What you return should be every record, retyped without a single change.

[Available records]

lemma canonical_chain_valid_relabel:
  assumes S: "S \<subseteq> {0..m} \<times> {0..m}"
    and x: "x \<in> {1..m}" "x \<noteq> hub_time m S" "x \<noteq> Suc (hub_time m S)"
    and l: "l \<noteq> Suc (hub_time m S)" "\<And>t v. canonical_chain m S x = Some (t, v) \<Longrightarrow> l \<noteq> Suc t"
  shows "valid_chain (star_tgraph m\<lparr>lab := (lab (star_tgraph m))({0, x} := l)\<rparr>) 1 S
    (canonical_chain m S)"
proof (rule valid_chain_relabel_unused_edge[OF canonical_chain_valid[OF S]])
  fix u t v
  assume ch: "canonical_chain m S u = Some (t, v)" "v \<noteq> u"
  show "{u, v} \<noteq> {0, x}"
  proof
    assume "{u, v} = {0, x}"
    then consider "u = 0" "v = x" | "u = x" "v = 0"
      by (auto simp: doubleton_eq_iff)
    then show False
      using ch x by cases (auto simp: canonical_chain_def split: if_split_asm)
  qed
next
  fix v t w
  assume "v \<in> {0, x}" "canonical_chain m S v = Some (t, w)"
  then show "l \<notin> {t<..t + 1}"
    using l by (auto simp: canonical_chain_def split: if_split_asm)
qed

[/Available records]

* [Worked solution]:
lemma canonical_chain_valid_relabel:
  assumes S: "S \<subseteq> {0..m} \<times> {0..m}"
    and x: "x \<in> {1..m}" "x \<noteq> hub_time m S" "x \<noteq> Suc (hub_time m S)"
    and l: "l \<noteq> Suc (hub_time m S)" "\<And>t v. canonical_chain m S x = Some (t, v) \<Longrightarrow> l \<noteq> Suc t"
  shows "valid_chain (star_tgraph m\<lparr>lab := (lab (star_tgraph m))({0, x} := l)\<rparr>) 1 S
    (canonical_chain m S)"
proof (rule valid_chain_relabel_unused_edge[OF canonical_chain_valid[OF S]])
  fix u t v
  assume ch: "canonical_chain m S u = Some (t, v)" "v \<noteq> u"
  show "{u, v} \<noteq> {0, x}"
  proof
    assume "{u, v} = {0, x}"
    then consider "u = 0" "v = x" | "u = x" "v = 0"
      by (auto simp: doubleton_eq_iff)
    then show False
      using ch x by cases (auto simp: canonical_chain_def split: if_split_asm)
  qed
next
  fix v t w
  assume "v \<in> {0, x}" "canonical_chain m S v = Some (t, w)"
  then show "l \<notin> {t<..t + 1}"
    using l by (auto simp: canonical_chain_def split: if_split_asm)
qed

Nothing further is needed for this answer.